PROBLEM REQUIREMENTS: Each entry needs to be retyped exactly.

** MATERIAL TO PROCESS follows **

lemma nonpos_if_deriv_neg_at_zeros:
  fixes \<phi> \<phi>' :: "real \<Rightarrow> real"
  assumes J: "forward_interval J"
    and der: "\<And>t. t \<in> J \<Longrightarrow> (\<phi> has_real_derivative \<phi>' t) (at t within J)"
    and neg: "\<And>t. t \<in> J \<Longrightarrow> \<phi> t = 0 \<Longrightarrow> \<phi>' t < 0"
    and init: "\<phi> 0 \<le> 0" and t: "t \<in> J"
  shows "\<phi> t \<le> 0"
proof (rule ccontr)
  assume "\<not> \<phi> t \<le> 0"
  hence "\<phi> t > 0" by simp
  have sub: "{0..t} \<subseteq> J" by (rule forward_interval_atLeastAtMost_subset[OF J t])
  have "continuous_on J \<phi>"
    unfolding continuous_on_eq_continuous_within using der DERIV_continuous by blast
  hence cont: "continuous_on {0..t} \<phi>" using sub continuous_on_subset by blast
  obtain s where s: "0 \<le> s" "s < t" "\<phi> s = 0" and pos: "\<And>r. s < r \<Longrightarrow> r \<le> t \<Longrightarrow> \<phi> r > 0"
    using last_zero_before_pos[OF forward_interval_nonneg[OF J t] cont init \<open>\<phi> t > 0\<close>] by blast
  have sJ: "s \<in> J" using sub s by auto
  obtain d where "d > 0" and dec: "\<And>h. h > 0 \<Longrightarrow> s + h \<in> J \<Longrightarrow> h < d \<Longrightarrow> \<phi> (s + h) < \<phi> s"
    using has_real_derivative_neg_dec_right[OF der[OF sJ] neg[OF sJ s(3)]] by blast
  define h where "h = min (d / 2) (t - s)"
  have h: "h > 0" "h < d" "s + h \<le> t" using \<open>d > 0\<close> s(2) unfolding h_def by linarith+
  hence "s + h \<in> J" using sub s(1) by auto
  from dec[OF h(1) this h(2)] have "\<phi> (s + h) < \<phi> s" .
  moreover have "\<phi> (s + h) > 0" using pos h(1,3) by simp
  ultimately show False using s(3) by linarith
qed

lemma poly_fun_differentiable: "poly_fun f \<Longrightarrow> f differentiable (at x)"
  by (induction rule: poly_fun.induct)
    (simp_all add: bounded_linear_imp_differentiable[OF bounded_linear_vec_nth])

lemma has_derivative_eq_grad_inner:
  assumes "(f has_derivative D) (at x)"
  shows "D v = grad f x \<bullet> v"
proof -
  have lin: "linear D" by (rule has_derivative_linear[OF assms])
  have "D v = D (\<Sum>i\<in>UNIV. (v $ i) *\<^sub>R axis i 1)"
    using basis_expansion[of v] by (simp add: scalar_mult_eq_scaleR)
  also have "\<dots> = (\<Sum>i\<in>UNIV. (v $ i) * D (axis i 1))"
    by (simp add: linear_sum[OF lin] linear_scale[OF lin])
  also have "\<dots> = grad f x \<bullet> v"
    by (simp add: grad_def frechet_derivative_at[OF assms, symmetric] inner_vec_def mult.commute)
  finally show ?thesis .
qed

lemma has_real_derivative_comp_grad:
  assumes "h differentiable (at (x t))" and "(x has_vector_derivative v) (at t within J)"
  shows "((\<lambda>s. h (x s)) has_real_derivative (grad h (x t) \<bullet> v)) (at t within J)"
proof -
  obtain D where D: "(h has_derivative D) (at (x t))"
    using assms(1) unfolding differentiable_def by blast
  have "((h \<circ> x) has_derivative (D \<circ> (\<lambda>s. s *\<^sub>R v))) (at t within J)"
    using assms(2) D unfolding has_vector_derivative_def
    by (intro diff_chain_within) (auto intro: has_derivative_at_withinI)
  moreover have "D \<circ> (\<lambda>s. s *\<^sub>R v) = (*) (grad h (x t) \<bullet> v)"
    using linear_scale[OF has_derivative_linear[OF D]] has_derivative_eq_grad_inner[OF D]
    by (auto simp: fun_eq_iff)
  ultimately show ?thesis unfolding has_field_derivative_def by (simp add: o_def)
qed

** End of MATERIAL TO PROCESS **

SOLUTION TO THIS PROBLEM:
lemma nonpos_if_deriv_neg_at_zeros:
  fixes \<phi> \<phi>' :: "real \<Rightarrow> real"
  assumes J: "forward_interval J"
    and der: "\<And>t. t \<in> J \<Longrightarrow> (\<phi> has_real_derivative \<phi>' t) (at t within J)"
    and neg: "\<And>t. t \<in> J \<Longrightarrow> \<phi> t = 0 \<Longrightarrow> \<phi>' t < 0"
    and init: "\<phi> 0 \<le> 0" and t: "t \<in> J"
  shows "\<phi> t \<le> 0"
proof (rule ccontr)
  assume "\<not> \<phi> t \<le> 0"
  hence "\<phi> t > 0" by simp
  have sub: "{0..t} \<subseteq> J" by (rule forward_interval_atLeastAtMost_subset[OF J t])
  have "continuous_on J \<phi>"
    unfolding continuous_on_eq_continuous_within using der DERIV_continuous by blast
  hence cont: "continuous_on {0..t} \<phi>" using sub continuous_on_subset by blast
  obtain s where s: "0 \<le> s" "s < t" "\<phi> s = 0" and pos: "\<And>r. s < r \<Longrightarrow> r \<le> t \<Longrightarrow> \<phi> r > 0"
    using last_zero_before_pos[OF forward_interval_nonneg[OF J t] cont init \<open>\<phi> t > 0\<close>] by blast
  have sJ: "s \<in> J" using sub s by auto
  obtain d where "d > 0" and dec: "\<And>h. h > 0 \<Longrightarrow> s + h \<in> J \<Longrightarrow> h < d \<Longrightarrow> \<phi> (s + h) < \<phi> s"
    using has_real_derivative_neg_dec_right[OF der[OF sJ] neg[OF sJ s(3)]] by blast
  define h where "h = min (d / 2) (t - s)"
  have h: "h > 0" "h < d" "s + h \<le> t" using \<open>d > 0\<close> s(2) unfolding h_def by linarith+
  hence "s + h \<in> J" using sub s(1) by auto
  from dec[OF h(1) this h(2)] have "\<phi> (s + h) < \<phi> s" .
  moreover have "\<phi> (s + h) > 0" using pos h(1,3) by simp
  ultimately show False using s(3) by linarith
qed

lemma poly_fun_differentiable: "poly_fun f \<Longrightarrow> f differentiable (at x)"
  by (induction rule: poly_fun.induct)
    (simp_all add: bounded_linear_imp_differentiable[OF bounded_linear_vec_nth])

lemma has_derivative_eq_grad_inner:
  assumes "(f has_derivative D) (at x)"
  shows "D v = grad f x \<bullet> v"
proof -
  have lin: "linear D" by (rule has_derivative_linear[OF assms])
  have "D v = D (\<Sum>i\<in>UNIV. (v $ i) *\<^sub>R axis i 1)"
    using basis_expansion[of v] by (simp add: scalar_mult_eq_scaleR)
  also have "\<dots> = (\<Sum>i\<in>UNIV. (v $ i) * D (axis i 1))"
    by (simp add: linear_sum[OF lin] linear_scale[OF lin])
  also have "\<dots> = grad f x \<bullet> v"
    by (simp add: grad_def frechet_derivative_at[OF assms, symmetric] inner_vec_def mult.commute)
  finally show ?thesis .
qed

lemma has_real_derivative_comp_grad:
  assumes "h differentiable (at (x t))" and "(x has_vector_derivative v) (at t within J)"
  shows "((\<lambda>s. h (x s)) has_real_derivative (grad h (x t) \<bullet> v)) (at t within J)"
proof -
  obtain D where D: "(h has_derivative D) (at (x t))"
    using assms(1) unfolding differentiable_def by blast
  have "((h \<circ> x) has_derivative (D \<circ> (\<lambda>s. s *\<^sub>R v))) (at t within J)"
    using assms(2) D unfolding has_vector_derivative_def
    by (intro diff_chain_within) (auto intro: has_derivative_at_withinI)
  moreover have "D \<circ> (\<lambda>s. s *\<^sub>R v) = (*) (grad h (x t) \<bullet> v)"
    using linear_scale[OF has_derivative_linear[OF D]] has_derivative_eq_grad_inner[OF D]
    by (auto simp: fun_eq_iff)
  ultimately show ?thesis unfolding has_field_derivative_def by (simp add: o_def)
qed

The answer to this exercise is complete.